Les manuels de sciences se trompent ?  Un fossile vieux de 525 millions d’années défie l’explication commune de l’évolution du cerveau

Vue d’artiste d’un Cardiodictyon catenulum âgé de 525 millions d’années sur le fond marin côtier peu profond, émergeant de l’abri d’un petit stromatolite construit par des bactéries photosynthétiques. Crédit : Nicholas Strausfeld/Université de l’Arizona

Selon une nouvelle étude, les fossiles d’une minuscule créature marine au système nerveux délicatement préservé résolvent un débat vieux d’un siècle sur l’évolution du cerveau chez les arthropodes, le groupe le plus riche en espèces du règne animal.

Les fossiles d’une minuscule créature marine décédée il y a plus d’un demi-milliard d’années pourraient obliger un manuel scientifique à réécrire l’évolution du cerveau.

Une nouvelle étude fournit la première description détaillée de Cardiodictyon cattenulum, un animal ressemblant à un ver préservé dans les roches de la province du Yunnan, dans le sud de la Chine. Mesurant à peine un demi-pouce (moins de 1,5 centimètre) de long et initialement découvert en 1984, le fossile cachait jusqu’à présent un secret crucial : un système nerveux délicatement préservé, comprenant un cerveau. Publié dans la revue La science le 24 novembre, la recherche a été dirigée par Nicholas Strausfeld, professeur Regents au département de neurosciences de l’Université de l’Arizona, et Frank Hirth, lecteur de neurosciences évolutives au King’s College de Londres.

“À notre connaissance, il s’agit du plus ancien cerveau fossilisé que nous connaissions à ce jour”, a déclaré Strausfeld.

Cardiodictyon appartenaient à un groupe d’animaux éteints connus sous le nom de lobopodes blindés, qui étaient abondants au début d’une période connue sous le nom de Cambrien, lorsque pratiquement toutes les principales lignées animales sont apparues sur une période extrêmement courte entre 540 millions et 500 millions d’années. Les lobopodes se déplaçaient probablement sur le fond marin en utilisant plusieurs paires de pattes molles et trapues qui n’avaient pas les articulations de leurs descendants, les euarthropodes – grec pour “vrai pied articulé”. Les plus proches parents vivants actuels des lobopodes sont les vers de velours qui vivent principalement en Australie, en Nouvelle-Zélande et en Amérique du Sud.
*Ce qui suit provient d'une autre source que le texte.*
lemma Mcoef_diag_Suc_shift:
  assumes X: "X \<noteq> 0" and nz: "th X \<noteq> 0" "th (X * q\<^sup>2) \<noteq> 0" "ep (q * X) (Suc (Suc (m + m))) \<noteq> 0"
  shows "Mc (Suc m) (Suc m) X K * (th (q * X) * th X) = Mc m m (X * q\<^sup>2) (K * q) * (th K * th (K * q ^ (2 * m + 1)))"
proof -
  have a1: "q * (X * q\<^sup>2) = q * X * q * q" "X * q\<^sup>2 * q ^ (2 * m) = X * q ^ (2 * Suc m)" "q * X * q = X * q\<^sup>2"
    using q_nonzero X by (auto simp: field_simps power2_eq_square power_add)
  have a14: "K * q * q ^ (m + m) = K * q ^ (2 * m + 1)" by (simp add: mult_2)
  note a1 = a1 a14
  have n1: "ep (q * X * q * q) (m + m) \<noteq> 0" "th (q * X) \<noteq> 0" "th (q * X * q) \<noteq> 0"
    using nz(3) unfolding epoch_Suc_Suc_shift by auto
  have L: "Mc (Suc m) (Suc m) X K = th K * (ep (K * q) (m + m) * th (K * q ^ (2 * m + 1)))
      / (th (q * X) * th (q * X * q) * ep (q * X * q * q) (m + m)) * (th (X * q ^ (2 * Suc m)) / th X)"
  proof -
    have "Mc (Suc m) (Suc m) X K = ep K (Suc (Suc (m + m))) / ep (q * X) (Suc (Suc (m + m))) * (th (X * q ^ (2 * Suc m)) / th X)"
      by (simp add: Mcoef_le)
    also have "\<dots> = th K * (ep (K * q) (m + m) * th (K * q * q ^ (m + m)))
      / (th (q * X) * th (q * X * q) * ep (q * X * q * q) (m + m)) * (th (X * q ^ (2 * Suc m)) / th X)"
      unfolding epoch_Suc_Suc_shift[of "q * X"] epoch_Suc_shift[of K "Suc (m + m)"] epoch_Suc[of "K * q" "m + m"] by simp
    finally show ?thesis unfolding a1(4) .
  qed
  have R: "Mc m m (X * q\<^sup>2) (K * q) = ep (K * q) (m + m) / ep (q * X * q * q) (m + m) * (th (X * q ^ (2 * Suc m)) / th (X * q\<^sup>2))"
    by (simp add: Mcoef_le a1(1,2))
  show ?thesis unfolding L R using n1 nz(1,2) unfolding a1(3) by (simp add: field_simps)
qed

text \<open>\<open>braid_summand X A K B C n l\<close> is the \<open>l\<close>-th term of the \<open>(n, 0)\<close> entry of
  \<open>M(X, K) D(X; B, C) M(A, X)\<close>, and \<open>braid_rhs X A K B C n\<close> is the \<open>(n, 0)\<close> entry of
  \<open>D(K; BK/X, CK/X) M(A, K)\<close>. Via the three-term identity, both satisfy the same recurrence in \<open>n\<close>,
  with coefficients \<open>braid_coeff1\<close> and \<open>braid_coeff2\<close>; the second multiplies the quantity with
  \<open>(X, A, K, B, C)\<close> shifted to \<open>(X q\<^sup>2, A q, K q, B q, C q)\<close>.\<close>
definition braid_summand where "braid_summand X A K B C n l = Mc n l X K * Dc l X B C * Mc l 0 A X"

definition braid_coeff1 where "braid_coeff1 X K m = X * (th (K * q ^ m) * th (K / X * q ^ m)) / (th (X * q ^ Suc m) * th (q ^ Suc m))"

definition braid_coeff2 where "braid_coeff2 X A K B C m = K / q ^ m * th (K * q ^ (2 * m + 1)) * th K * th B * th C * th (X / A)
   / (th (X * q ^ Suc m) * th (q ^ Suc m) * th (X * q / B) * th (X * q / C) * th (q * A))"

definition braid_generic where "braid_generic X A B C n \<longleftrightarrow> th X \<noteq> 0 \<and> th A \<noteq> 0 \<and> ep (q * X) (2 * n) \<noteq> 0 \<and> ep q n \<noteq> 0
   \<and> ep (X * q / B) n \<noteq> 0 \<and> ep (X * q / C) n \<noteq> 0 \<and> ep (q * A) n \<noteq> 0"

lemma braid_generic_nonzero:
  assumes "braid_generic X A B C (Suc m)"
  shows "th X \<noteq> 0" "th A \<noteq> 0" "th (X * q) \<noteq> 0" "th (X * q\<^sup>2) \<noteq> 0" "th (q * A) \<noteq> 0"
    "th (X * q / B) \<noteq> 0" "th (X * q / C) \<noteq> 0" "th (X * q ^ Suc m) \<noteq> 0" "th (q ^ Suc m) \<noteq> 0"
proof -
  have G: "th X \<noteq> 0" "th A \<noteq> 0" "ep (q * X) (2 * Suc m) \<noteq> 0" "ep q (Suc m) \<noteq> 0"
    "ep (X * q / B) (Suc m) \<noteq> 0" "ep (X * q / C) (Suc m) \<noteq> 0" "ep (q * A) (Suc m) \<noteq> 0"
    using assms by (auto simp: braid_generic_def)
  show "th X \<noteq> 0" "th A \<noteq> 0" by (fact G)+
  show "th (X * q) \<noteq> 0" "th (X * q\<^sup>2) \<noteq> 0" "th (X * q ^ Suc m) \<noteq> 0"
    using epoch_shift_nonzero_theta[OF G(3), of 1] epoch_shift_nonzero_theta[OF G(3), of 2]
      epoch_shift_nonzero_theta[OF G(3), of "Suc m"] by simp_all
  show "th (q * A) \<noteq> 0" using epoch_shift_nonzero_theta[OF G(7), of 1] by (simp add: mult.commute)
  show "th (q ^ Suc m) \<noteq> 0" using epoch_shift_nonzero_theta[of 1 "Suc m" "Suc m"] G(4) by simp
  show "th (X * q / B) \<noteq> 0" "th (X * q / C) \<noteq> 0"
    using epoch_nonzero_theta[OF G(5), of 0] epoch_nonzero_theta[OF G(6), of 0] by simp_all
qed

lemma braid_generic_mono: "braid_generic X A B C n \<Longrightarrow> m \<le> n \<Longrightarrow> braid_generic X A B C m"
  unfolding braid_generic_def using epoch_nonzero_le by (meson mult_le_mono2)

lemma braid_summand_Suc_Suc:
  assumes jm: "Suc j \<le> m" and X: "X \<noteq> 0" and A: "A \<noteq> 0" and K: "K \<noteq> 0" and B: "B \<noteq> 0" and C: "C \<noteq> 0"
    and rel: "B * C * K = q * X * A" and G: "braid_generic X A B C (Suc m)"
  shows "braid_summand X A K B C (Suc m) (Suc j) = braid_coeff1 X K m * braid_summand X A K B C m (Suc j)
           + braid_coeff2 X A K B C m * braid_summand (X * q\<^sup>2) (A * q) (K * q) (B * q) (C * q) m j"
proof -
  obtain d where m: "m = Suc (j + d)" using le_Suc_ex[OF jm] by auto
  have md: "m - Suc j = d" using m by simp
  define McN where "McN = Mc (Suc m) (Suc j) X K"
  define McM where "McM = Mc m (Suc j) X K"
  define McP where "McP = Mc m j (X * q\<^sup>2) (K * q)"
  define DD where "DD = Dc (Suc j) X B C"
  define DDp where "DDp = Dc j (X * q\<^sup>2) (B * q) (C * q)"
  define MM where "MM = Mc (Suc j) 0 A X"
  define MMp where "MMp = Mc j 0 (A * q) (X * q\<^sup>2)"
  define g where "g = th (q * X * q ^ (m + Suc j)) * th (q * q ^ (m - Suc j))"
  define f where "f = th (K * q ^ (m + Suc j)) * th (K / X * q ^ (m - Suc j))"
  define a where "a = th (X * q ^ Suc m) * th (q ^ Suc m)"
  define c where "c = th (K * q ^ m) * th (K / X * q ^ m)"
  define h where "h = th (X * q ^ Suc j) * th (q ^ Suc j)"
  define k where "k = th (K * q ^ (2 * m + 1)) * th (K / (X * q))"
  have Gs: "th X \<noteq> 0" "th A \<noteq> 0" "ep (q * X) (2 * Suc m) \<noteq> 0" "ep q (Suc m) \<noteq> 0"
    "ep (X * q / B) (Suc m) \<noteq> 0" "ep (X * q / C) (Suc m) \<noteq> 0" "ep (q * A) (Suc m) \<noteq> 0"
    using G by (auto simp: braid_generic_def)
  have r1: "McN * g = McM * f * X"
    unfolding McN_def McM_def g_def f_def
  proof (rule Mcoef_Suc_row)
    show "Suc j \<le> m" by (rule jm)
    show "ep (q * X) (Suc (m + Suc j)) \<noteq> 0" using epoch_nonzero_le[OF Gs(3)] jm by simp
    show "ep q (Suc (m - Suc j)) \<noteq> 0" using epoch_nonzero_le[OF Gs(4)] jm by simp
    show "th X \<noteq> 0" by (rule Gs(1))
  qed
  have af: "f * a = g * c + q ^ Suc m / q ^ Suc j * h * k"
    unfolding f_def a_def g_def c_def h_def k_def using theta_addition_row[OF _ X K, of "Suc j" m] jm by simp
  have thXq2: "th (X * q\<^sup>2) \<noteq> 0" using braid_generic_nonzero[OF G] by simp
  have thXq: "th (X * q) \<noteq> 0" using braid_generic_nonzero[OF G] by simp
  have thqA: "th (q * A) \<noteq> 0" using braid_generic_nonzero[OF G] by simp
  have thAq: "th (A * q) \<noteq> 0" using thqA by (simp add: mult.commute)
  have f1: "McM * (th (K / (X * q)) * th (q * X) * th X * X * q ^ (2 * (m - Suc j) + 2)) = McP * (th K * g)"
    unfolding McM_def McP_def g_def using Mcoef_Suc_col_shift[OF jm X Gs(1) thXq2] epoch_nonzero_le[OF Gs(3)] epoch_nonzero_le[OF Gs(4)] jm
    by (simp add: mult.assoc)
  have f2: "DD * (th (X * q / B) * th (X * q / C)) = DDp * (th B * th C) * (X * q / (B * C))"
    unfolding DD_def DDp_def using Dcoef_Suc_shift[OF B C X] epoch_nonzero_le[OF Gs(5)] epoch_nonzero_le[OF Gs(6)] jm by simp
  have f3: "MM * (th (X * q ^ Suc j) * th (q * A) * th (q * q ^ j)) * q ^ j = MMp * (th X * th (X * q) * th (X / A)) * A"
    unfolding MM_def MMp_def using Mcoef_col0_Suc_shift[OF A X Gs(2) thAq] epoch_nonzero_le[OF Gs(7)] epoch_nonzero_le[OF Gs(4)] jm by simp
  have gnz: "g \<noteq> 0"
  proof -
    have "th (X * q ^ (Suc (m + Suc j))) \<noteq> 0" using epoch_shift_nonzero_theta[OF Gs(3), of "Suc (m + Suc j)"] jm by simp
    moreover have "th (q ^ Suc (m - Suc j)) \<noteq> 0" using epoch_shift_nonzero_theta[of 1 "Suc m" "Suc (m - Suc j)"] Gs(4) jm by simp
    ultimately show ?thesis unfolding g_def by (simp add: mult_ac)
  qed
  have anz: "a \<noteq> 0" unfolding a_def using braid_generic_nonzero[OF G] by simp
  have nzB: "th (X * q / B) \<noteq> 0" using braid_generic_nonzero[OF G] by simp
  have nzC: "th (X * q / C) \<noteq> 0" using braid_generic_nonzero[OF G] by simp
  have kk: "X * q / (B * C) = K / A" using rel B C A by (simp add: field_simps)
  have thqX: "th (q * X) = th (X * q)" by (simp add: mult.commute)
  have T1: "braid_summand X A K B C (Suc m) (Suc j) = McN * DD * MM" by (simp add: braid_summand_def McN_def DD_def MM_def)
  have T2: "braid_summand X A K B C m (Suc j) = McM * DD * MM" by (simp add: braid_summand_def McM_def DD_def MM_def)
  have T3: "braid_summand (X * q\<^sup>2) (A * q) (K * q) (B * q) (C * q) m j = McP * DDp * MMp"
    by (simp add: braid_summand_def McP_def DDp_def MMp_def)
  have qm: "q ^ m \<noteq> 0" using q_nonzero by simp
  have XBC: "X * q / (B * C) \<noteq> 0" using X B C q_nonzero by simp
  have s3: "braid_coeff2 X A K B C m * (McP * DDp * MMp) =
      K / q ^ m * th (K * q ^ (2 * m + 1)) / (a * th (X * q / B) * th (X * q / C) * th (q * A))
      * ((McP * (th K * g)) * (DDp * (th B * th C) * (X * q / (B * C))) * (MMp * (th X * th (X * q) * th (X / A)) * A))
      / (g * (X * q / (B * C)) * th X * th (X * q) * A)"
    unfolding braid_coeff2_def a_def[symmetric] using gnz anz nzB nzC thqA Gs(1) thXq A XBC qm
    by (simp add: field_simps)
  have s4: "braid_coeff2 X A K B C m * (McP * DDp * MMp) =
      K / q ^ m * th (K * q ^ (2 * m + 1)) / (a * th (X * q / B) * th (X * q / C) * th (q * A))
      * ((McM * (th (K / (X * q)) * th (q * X) * th X * X * q ^ (2 * (m - Suc j) + 2)))
         * (DD * (th (X * q / B) * th (X * q / C)))
         * (MM * (th (X * q ^ Suc j) * th (q * A) * th (q * q ^ j)) * q ^ j))
      / (g * (X * q / (B * C)) * th X * th (X * q) * A)"
    unfolding s3 f1[symmetric] f2[symmetric] f3[symmetric] ..
  have s1: "McN = McM * f * X / g" using r1 gnz by (simp add: field_simps)
  have s2: "f = (g * c + q ^ Suc m / q ^ Suc j * h * k) / a" using af anz by (simp add: field_simps)
  have pw: "q ^ Suc m = q ^ Suc j * q ^ Suc d" "q ^ (2 * (m - Suc j) + 2) = q ^ Suc d * q ^ Suc d"
    "q ^ m = q ^ j * q ^ Suc d"
    using m by (simp_all add: power_add[symmetric] mult_2)
  show ?thesis
    unfolding T1 T2 T3 s4 s1 s2 braid_coeff1_def
    unfolding c_def[symmetric] a_def[symmetric]
    unfolding kk thqX pw h_def k_def
    using gnz anz nzB nzC thqA Gs(1) thXq A X K qm q_nonzero
    by (simp add: field_simps)
qed
lemma averages_tendsto_zero_along_squares:
  fixes y :: "nat \<Rightarrow> real"
  assumes S: "(\<lambda>k. (\<Sum>t=1..k\<^sup>2. y t) / (real k)\<^sup>2) \<longlonglongrightarrow> 0"
    and R: "(\<lambda>k. (\<Sum>t\<in>{k\<^sup>2<..(Suc k)\<^sup>2}. \<bar>y t\<bar>) / (real k)\<^sup>2) \<longlonglongrightarrow> 0"
  shows "(\<lambda>T. (\<Sum>t=1..T. y t) / real T) \<longlonglongrightarrow> 0"
proof -
  define Z where "Z k = (\<bar>\<Sum>t=1..k\<^sup>2. y t\<bar> + (\<Sum>t\<in>{k\<^sup>2<..(Suc k)\<^sup>2}. \<bar>y t\<bar>)) / (real k)\<^sup>2" for k
  have "(\<lambda>k. \<bar>(\<Sum>t=1..k\<^sup>2. y t) / (real k)\<^sup>2\<bar> + (\<Sum>t\<in>{k\<^sup>2<..(Suc k)\<^sup>2}. \<bar>y t\<bar>) / (real k)\<^sup>2) \<longlonglongrightarrow> 0 + 0"
    by (intro tendsto_add tendsto_rabs_zero S R)
  then have "Z \<longlonglongrightarrow> 0"
    by (simp add: Z_def[abs_def] add_divide_distrib)
  moreover have "filterlim floor_sqrt at_top sequentially"
    unfolding filterlim_at_top
    using eventually_ge_at_top by (blast intro: eventually_mono le_floor_sqrtI)
  ultimately have Z_sqrt: "(\<lambda>T. Z (floor_sqrt T)) \<longlonglongrightarrow> 0"
    by (rule filterlim_compose)
  have "norm ((\<Sum>t=1..T. y t) / real T) \<le> Z (floor_sqrt T)" if "T \<ge> 1" for T
  proof -
    define k where "k = floor_sqrt T"
    have k: "k\<^sup>2 \<le> T" "T < (Suc k)\<^sup>2" "1 \<le> k"
      using that Suc_floor_sqrt_power2_gt[of T] le_floor_sqrtI[of 1 T] by (auto simp: k_def)
    have "(\<Sum>t=1..T. y t) = (\<Sum>t=1..k\<^sup>2. y t) + (\<Sum>t\<in>{k\<^sup>2<..T}. y t)"
      using k(1) by (subst sum.union_disjoint[symmetric]) (auto intro!: sum.cong)
    moreover have "\<bar>\<Sum>t\<in>{k\<^sup>2<..T}. y t\<bar> \<le> (\<Sum>t\<in>{k\<^sup>2<..(Suc k)\<^sup>2}. \<bar>y t\<bar>)"
      using k(2) by (intro order.trans[OF sum_abs] sum_mono2) auto
    ultimately have "\<bar>\<Sum>t=1..T. y t\<bar> \<le> \<bar>\<Sum>t=1..k\<^sup>2. y t\<bar> + (\<Sum>t\<in>{k\<^sup>2<..(Suc k)\<^sup>2}. \<bar>y t\<bar>)"
      by linarith
    moreover have "(real k)\<^sup>2 \<le> real T" "0 < (real k)\<^sup>2"
      using k by (simp_all flip: of_nat_power)
    ultimately show ?thesis
      unfolding Z_def k_def[symmetric] real_norm_def abs_divide
      by (intro frac_le) auto
  qed
  then show ?thesis
    by (intro Lim_null_comparison[OF _ Z_sqrt] eventually_mono[OF eventually_ge_at_top[of 1]])
qed

lemma summable_le_inverse_square:
  fixes f :: "nat \<Rightarrow> real"
  assumes "\<And>k. 0 \<le> f k" and "\<And>k. k \<ge> 1 \<Longrightarrow> f k \<le> c * inverse (real k ^ 2)"
  shows "summable f"
  by (rule summable_comparison_test'[of "\<lambda>k. c * inverse (real k ^ 2)" 1])
     (use assms in \<open>auto intro: summable_mult inverse_power_summable\<close>)

lemma AE_sums_to_squares_tendsto_zero:
  fixes Y :: "nat \<Rightarrow> 'a \<Rightarrow> real"
  assumes meas: "\<And>t. t \<ge> 1 \<Longrightarrow> Y t \<in> borel_measurable M"
    and sq: "\<And>t. t \<ge> 1 \<Longrightarrow> integrable M (\<lambda>\<omega>. (Y t \<omega>)\<^sup>2)"
    and orth: "\<And>s t. s \<ge> 1 \<Longrightarrow> t \<ge> 1 \<Longrightarrow> s \<noteq> t \<Longrightarrow> (\<integral>\<omega>. Y s \<omega> * Y t \<omega> \<partial>M) = 0"
    and bnd: "\<And>t. t \<ge> 1 \<Longrightarrow> (\<integral>\<omega>. (Y t \<omega>)\<^sup>2 \<partial>M) \<le> C"
  shows "AE \<omega> in M. (\<lambda>k. (\<Sum>t=1..k\<^sup>2. Y t \<omega>) / (real k)\<^sup>2) \<longlonglongrightarrow> 0"
proof (rule AE_tendsto_zero_summable_second_moments)
  let ?S = "\<lambda>k \<omega>. (\<Sum>t=1..k\<^sup>2. Y t \<omega>) / (real k)\<^sup>2"
  note moments = second_moment_sum_orthogonal[where A = "{1..k\<^sup>2}" and M = M and C = C for k]
  show "?S k \<in> borel_measurable M" for k
    using meas by (intro borel_measurable_divide borel_measurable_sum) auto
  show "integrable M (\<lambda>\<omega>. (?S k \<omega>)\<^sup>2)" for k
    unfolding power_divide by (intro integrable_divide moments(1)) (use meas sq orth bnd in auto)
  show "summable (\<lambda>k. \<integral>\<omega>. (?S k \<omega>)\<^sup>2 \<partial>M)"
  proof (rule summable_le_inverse_square)
    fix k :: nat assume "k \<ge> 1"
    have "(\<integral>\<omega>. (?S k \<omega>)\<^sup>2 \<partial>M) = (\<integral>\<omega>. (\<Sum>t=1..k\<^sup>2. Y t \<omega>)\<^sup>2 \<partial>M) / (real k)\<^sup>2 / (real k)\<^sup>2"
      by (simp add: power_divide power2_eq_square[of "(real k)\<^sup>2"])
    also have "\<dots> \<le> (real k)\<^sup>2 * C / (real k)\<^sup>2 / (real k)\<^sup>2"
      using moments(2) meas sq orth bnd by (intro divide_right_mono) auto
    finally show "(\<integral>\<omega>. (?S k \<omega>)\<^sup>2 \<partial>M) \<le> C * inverse (real k ^ 2)"
      using \<open>k \<ge> 1\<close> by (simp add: field_simps)
  qed simp
qed

lemma AE_sums_between_squares_tendsto_zero:
  fixes Y :: "nat \<Rightarrow> 'a \<Rightarrow> real"
  assumes meas: "\<And>t. t \<ge> 1 \<Longrightarrow> Y t \<in> borel_measurable M"
    and sq: "\<And>t. t \<ge> 1 \<Longrightarrow> integrable M (\<lambda>\<omega>. (Y t \<omega>)\<^sup>2)"
    and bnd: "\<And>t. t \<ge> 1 \<Longrightarrow> (\<integral>\<omega>. (Y t \<omega>)\<^sup>2 \<partial>M) \<le> C"
  shows "AE \<omega> in M. (\<lambda>k. (\<Sum>t\<in>{k\<^sup>2<..(Suc k)\<^sup>2}. \<bar>Y t \<omega>\<bar>) / (real k)\<^sup>2) \<longlonglongrightarrow> 0"
proof (rule AE_tendsto_zero_summable_second_moments)
  let ?R = "\<lambda>k \<omega>. (\<Sum>t\<in>{k\<^sup>2<..(Suc k)\<^sup>2}. \<bar>Y t \<omega>\<bar>) / (real k)\<^sup>2"
  note moments = second_moment_sum_abs[where A = "{k\<^sup>2<..(Suc k)\<^sup>2}" and M = M and C = C for k]
  have "0 \<le> (\<integral>\<omega>. (Y 1 \<omega>)\<^sup>2 \<partial>M)"
    by (rule integral_nonneg_AE) simp
  with bnd[of 1] have "0 \<le> C" by linarith
  show "?R k \<in> borel_measurable M" for k
    using meas by (intro borel_measurable_divide borel_measurable_sum borel_measurable_abs) auto
  show "integrable M (\<lambda>\<omega>. (?R k \<omega>)\<^sup>2)" for k
    unfolding power_divide by (intro integrable_divide moments(1)) (use meas sq bnd in auto)
  show "summable (\<lambda>k. \<integral>\<omega>. (?R k \<omega>)\<^sup>2 \<partial>M)"
  proof (rule summable_le_inverse_square)
    fix k :: nat assume "k \<ge> 1"
    have card: "card {k\<^sup>2<..(Suc k)\<^sup>2} = 2 * k + 1"
      by (simp add: power2_eq_square)
    have "(\<integral>\<omega>. (?R k \<omega>)\<^sup>2 \<partial>M) = (\<integral>\<omega>. (\<Sum>t\<in>{k\<^sup>2<..(Suc k)\<^sup>2}. \<bar>Y t \<omega>\<bar>)\<^sup>2 \<partial>M) / (real k)\<^sup>2 / (real k)\<^sup>2"
      by (simp add: power_divide power2_eq_square[of "(real k)\<^sup>2"])
    also have "\<dots> \<le> (real (2 * k + 1))\<^sup>2 * C / (real k)\<^sup>2 / (real k)\<^sup>2"
      using moments(2)[of k, unfolded card] meas sq bnd by (intro divide_right_mono) auto
    also have "\<dots> \<le> (3 * real k)\<^sup>2 * C / (real k)\<^sup>2 / (real k)\<^sup>2"
      using \<open>k \<ge> 1\<close> \<open>0 \<le> C\<close> by (intro divide_right_mono mult_right_mono power_mono) auto
    finally show "(\<integral>\<omega>. (?R k \<omega>)\<^sup>2 \<partial>M) \<le> 9 * C * inverse (real k ^ 2)"
      using \<open>k \<ge> 1\<close> by (simp add: field_simps power_mult_distrib)
  qed simp
qed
Fossilisé Cardiodictyon cattenulum

Le Cardiodictyon catenulum fossilisé a été découvert en 1984 parmi un assemblage diversifié de créatures éteintes connues sous le nom de faune Chengjian dans le Yunnan, en Chine. Sur cette photo, la tête de l’animal est à droite. Crédit : Nicholas Strausfeld/Université de l’Arizona

Un débat qui remonte aux années 1800

Fossiles de Cardiodictyon révèlent un animal avec un tronc segmenté dans lequel il y a des arrangements répétés de structures neuronales appelées ganglions. Cela contraste fortement avec sa tête et son cerveau, qui manquent tous deux de toute preuve de segmentation.

“Cette anatomie était complètement inattendue car les têtes et les cerveaux des arthropodes modernes, et certains de leurs ancêtres fossilisés, sont depuis plus de cent ans considérés comme segmentés”, a déclaré Strausfeld.

Selon les auteurs, la découverte résout un débat long et houleux sur l’origine et la composition de la tête chez les arthropodes, le groupe le plus riche en espèces au monde dans le règne animal. Les arthropodes comprennent les insectes, les crustacés, les araignées et d’autres arachnides, ainsi que d’autres lignées telles que les mille-pattes et les mille-pattes.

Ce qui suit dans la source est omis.